● **DIRECTIONS**:
From the listing below, reproduce word for word the part that opens with the line containing "by (simp add: conj_transpose_def vec_eq_iff)" and closes with the line containing "U \<Longrightarrow> unitary_op"; reproduce nothing else.

● **EXTRACTED DATA**:

┏━━

(* For any American option $\xi$, \[ \{x\in\mathbb{R}^d : \exists Y\in\Phi^{\mathrm{ag}}(\xi),\ x=Y_0\}=\{x\in\mathbb{R}^d:\exists y\in\Phi^{\mathrm{ad}}(\xi),\ x=y_0\}. \]
   Context: Finite filtered probability space $(\Omega,\mathcal{F},\mathbb{P};(\mathcal{F}_t)_{t=0}^T)$ with $\mathcal{F}_0$ trivial, $\mathcal{F}_T=2^\Omega$, $\mathbb{P}(\{\omega\})>0$. $\mathcal{L}_t$: $\mathcal{F}_t$-measurable $\mathbb{R}^d$-valued random variables. $d$ assets with $\mathcal{F}_t$-measurable exchange rates $\pi^{jk}_t>0$, $\pi^{jj}_t=1$. Solvency cone $\mathcal{K}_t$: the set of $x\in\mathcal{L}_t$ with $x(\omega)$ in the convex cone generated by $e^1,\ldots,e^d$ and $\pi^{jk}_t(\omega)e^j-e^k$ for every $\omega$. Deferred solvency cone $\mathcal{Q}_t$: the set of $z\in\mathcal{L}_t$ for which there exist $y_{t+1},\ldots,y_{T+1}$, $y_s\in\mathcal{L}_{s-1}$, $y_{T+1}=0$, with $z-y_{t+1}\in\mathcal{K}_t$ and $y_s-y_{s+1}\in\mathcal{K}_s$ for $s=t+1,\ldots,T$. A trading strategy is $y=(y_t)_{t=0}^{T+1}$ with $y_0\in\mathbb{R}^d$, $y_t\in\mathcal{L}_{t-1}$ for $t=1,\ldots,T$, $y_{T+1}=0$; $\Phi$ is the set of trading strategies. A mixed stopping time is an adapted $[0,1]$-valued process $\chi=(\chi_t)_{t=0}^T$ with $\sum_{t=0}^T\chi_t=1$; $\mathcal{X}$ is the set of them. $\mathcal{T}$ is the set of stopping times with values in $\{0,\ldots,T\}$. An American option is an adapted $\mathbb{R}^d$-valued process $\xi=(\xi_t)_{t=0}^T$. $\Phi^{\mathrm{ag}}(\xi)$ is the set of maps $Y:\mathcal{X}\to\Phi$, $\chi\mapsto Y^\chi$, such that (i) $Y^\chi_t-\chi_t\xi_t-Y^\chi_{t+1}\in\mathcal{K}_t$ for all $\chi\in\mathcal{X}$ and $t=0,\ldots,T$; (ii) for all $\chi,\chi'\in\mathcal{X}$, $t$ and $\omega$: if $\chi_s(\omega)=\chi'_s(\omega)$ for $s=0,\ldots,t-1$ then $Y^\chi_t(\omega)=Y^{\chi'}_t(\omega)$. In particular $Y^\chi_0$ does not depend on $\chi$; it is denoted $Y_0$. $\Phi^{\mathrm{ad}}(\xi)$ is the set of $y\in\Phi$ such that for all $\tau\in\mathcal{T}$: $y_t-y_{t+1}\in\mathcal{Q}_t$ for $t=0,\ldots,\tau-1$ and $y_\tau-\xi_\tau\in\mathcal{Q}_\tau$. Standing assumption: the model admits no arbitrage (no $y\in\Phi$ with $y_0=0$, $y_t-y_{t+1}\in\mathcal{K}_t$ for $t<T$, and $y_T-x\in\mathcal{K}_T$ for some nonzero componentwise non-negative $x\in\mathcal{L}_T$). *)

theory Defs
  imports "HOL-Probability.Probability"
begin
(* Let $d\geq 3$ be an integer and let $N_d = 3^d\cdot \mathrm{lcm}\{3^1-2^1,3^2-2^2,\ldots,3^d-2^d\}$. Let $\mathcal{H}$ be a complex Hilbert space with $\dim(\mathcal{H})\leq d$, and let $U,V$ be unitary operators on $\mathcal{H}$ such that $$\|V^{-1}U^2V-U^3\|<\varepsilon$$ for some $\varepsilon$ with $0<\varepsilon<\frac{1}{6\cdot 3^d\, d\, N_d}$. Then $$\|UV^{-1}UV-V^{-1}UVU\|<4d^3N_d\,\varepsilon .$$
   Context: $\|\cdot\|$ denotes the operator norm. *)

theory Defs
  imports "HOL-Analysis.Analysis"
begin

text \<open>A complex Hilbert space of finite dimension n is modelled as complex^'n
(the norm on complex^'n is the standard Hermitian l2-norm); operators are
matrices complex^'n^'n acting by *v.\<close>

definition conj_transpose :: "complex^'n^'m \<Rightarrow> complex^'m^'n" where
  "conj_transpose A = (\<chi> i j. cnj (A $ j $ i))"

definition unitary_op :: "complex^'n^'n \<Rightarrow> bool" where
  "unitary_op U \<longleftrightarrow> U ** conj_transpose U = mat 1 \<and> conj_transpose U ** U = mat 1"

definition op_norm :: "complex^'n^'m \<Rightarrow> real" where
  "op_norm A = onorm (\<lambda>x. A *v x)"

definition N_const :: "nat \<Rightarrow> nat" where
  "N_const d = 3 ^ d * Lcm ((\<lambda>k. 3 ^ k - 2 ^ k) ` {1..d})"

end

theory Submission
  imports Defs "HOL-Computational_Algebra.Fundamental_Theorem_Algebra"
begin

(* Put W = V\<inverse> U V; it is unitary and the hypothesis says |W\<^sup>2 - U\<^sup>3| \<le> e.
   (1) Spectral theorem: the unitary W has an orthonormal eigenbasis with eigenvalues on the
       unit circle (proved via an eigenvector in the Krylov space of any vector orthogonal to
       a maximal orthonormal family of eigenvectors).
   (2) Every eigenvalue \<mu> of W is an eigenvalue of U (eigenvector V b); testing W\<^sup>2 - U\<^sup>3 on
       that vector produces an eigenvalue \<nu> of W with |\<mu>\<^sup>3 - \<nu>\<^sup>2| \<le> e.  So the (at most d)
       eigenvalues carry an "approximate square-root-of-cube" self map.
   (3) A purely scalar lemma about such maps on finite subsets of the unit circle: the orbit
       cycles within d steps, forcing |\<mu>^N - 1| \<le> 4 N e, where N = N_const d.
   (4) Hence |W^(N+1) - W| \<le> 4 N e; as N is odd, W^(N+1) = (W\<^sup>2)^k is within k e of (U\<^sup>3)^k.
       So W is within 5 N e of a power of U, which commutes with U, and the commutator
       U W - W U has norm at most 10 N e \<le> 4 d\<^sup>3 N e. *)

section \<open>The Hermitian inner product on complex^'n\<close>

definition hinner :: "complex^'n \<Rightarrow> complex^'n \<Rightarrow> complex" where
  "hinner x y = (\<Sum>i\<in>UNIV. x$i * cnj (y$i))"

lemma hinner_diff_left: "hinner (x - y) z = hinner x z - hinner y z"
  by (simp add: hinner_def sum_subtractf algebra_simps)

lemma hinner_scale_left: "hinner (c *s x) y = c * hinner x y"
  by (simp add: hinner_def sum_distrib_left algebra_simps)

lemma hinner_scale_right: "hinner x (c *s y) = cnj c * hinner x y"
  by (simp add: hinner_def sum_distrib_left algebra_simps)

lemma hinner_zero_left [simp]: "hinner 0 y = 0"
  by (simp add: hinner_def)

lemma hinner_sum_left: "hinner (\<Sum>b\<in>B. f b) y = (\<Sum>b\<in>B. hinner (f b) y)"
  by (simp add: hinner_def sum_component sum_distrib_right) (rule sum.swap)

lemma hinner_commute: "hinner y x = cnj (hinner x y)"
  by (simp add: hinner_def mult.commute)

lemma hinner_sum_right: "hinner x (\<Sum>b\<in>B. f b) = (\<Sum>b\<in>B. hinner x (f b))"
  by (subst hinner_commute) (simp add: hinner_sum_left, subst hinner_commute, simp)

lemma hinner_self: "hinner x x = complex_of_real ((norm x)\<^sup>2)"
proof -
  have "(norm x)\<^sup>2 = (\<Sum>i\<in>UNIV. (cmod (x$i))\<^sup>2)"
    by (simp add: norm_vec_def L2_set_def sum_nonneg)
  have "hinner x x = (\<Sum>i\<in>UNIV. complex_of_real ((cmod (x$i))\<^sup>2))"
    unfolding hinner_def complex_norm_square ..
  then show ?thesis
    unfolding of_real_sum[symmetric] \<open>(norm x)\<^sup>2 = _\<close> .
qed

lemma hinner_self_eq_1: "hinner x x = 1 \<longleftrightarrow> norm x = 1"
proof -
  have "hinner x x = 1 \<longleftrightarrow> (norm x)\<^sup>2 = 1"
    unfolding hinner_self by (simp only: of_real_eq_1_iff)
  also have "\<dots> \<longleftrightarrow> norm x = 1"
    using power2_eq_iff_nonneg[of "norm x" 1] by simp
  finally show ?thesis .
qed

lemma hinner_adjoint: "hinner (A *v x) y = hinner x (conj_transpose A *v y)"
  unfolding hinner_def matrix_vector_mult_def conj_transpose_def
  by (simp add: sum_distrib_left sum_distrib_right algebra_simps) (rule sum.swap)

lemma norm_scale_vec: "norm (c *s (x::complex^'n)) = cmod c * norm x"
  by (simp add: norm_vec_def L2_set_def norm_mult power_mult_distrib
      sum_distrib_left[symmetric] real_sqrt_mult)

lemma mat_scalar_vec: "(mat c :: complex^'n^'n) *v x = c *s x"
  by (simp add: vec_eq_iff matrix_vector_mult_def mat_def if_distrib[where f="\<lambda>a. a * _"]
      cong: if_cong)

lemma conj_transpose_conj_transpose [simp]: "conj_transpose (conj_transpose A) = A"
  by (simp add: conj_transpose_def vec_eq_iff)

lemma conj_transpose_mult: "conj_transpose (A ** B) = conj_transpose B ** conj_transpose A"
  by (simp add: conj_transpose_def vec_eq_iff matrix_matrix_mult_def mult.commute)

lemma conj_transpose_id: "conj_transpose (mat 1 :: complex^'n^'n) = mat 1"
  by (simp add: conj_transpose_def mat_def vec_eq_iff)

lemma unitary_conj_transpose: "unitary_op U \<Longrightarrow> unitary_op (conj_transpose U)"
  by (simp add: unitary_op_def)

lemma unitary_mult:
  assumes "unitary_op A" "unitary_op B"
  shows "unitary_op (A ** B)"
proof -
  have "A ** B ** (conj_transpose B ** conj_transpose A)
          = A ** (B ** conj_transpose B) ** conj_transpose A"
    and "conj_transpose B ** conj_transpose A ** (A ** B)
          = conj_transpose B ** (conj_transpose A ** A) ** B"
    by (simp_all add: matrix_mul_assoc)
  then show ?thesis
    using assms by (simp add: unitary_op_def conj_transpose_mult)
qed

┗━━

● **EXERCISE OUTPUT**:
  by (simp add: conj_transpose_def vec_eq_iff)

lemma conj_transpose_mult: "conj_transpose (A ** B) = conj_transpose B ** conj_transpose A"
  by (simp add: conj_transpose_def vec_eq_iff matrix_matrix_mult_def mult.commute)

lemma conj_transpose_id: "conj_transpose (mat 1 :: complex^'n^'n) = mat 1"
  by (simp add: conj_transpose_def mat_def vec_eq_iff)

lemma unitary_conj_transpose: "unitary_op U \<Longrightarrow> unitary_op (conj_transpose U)"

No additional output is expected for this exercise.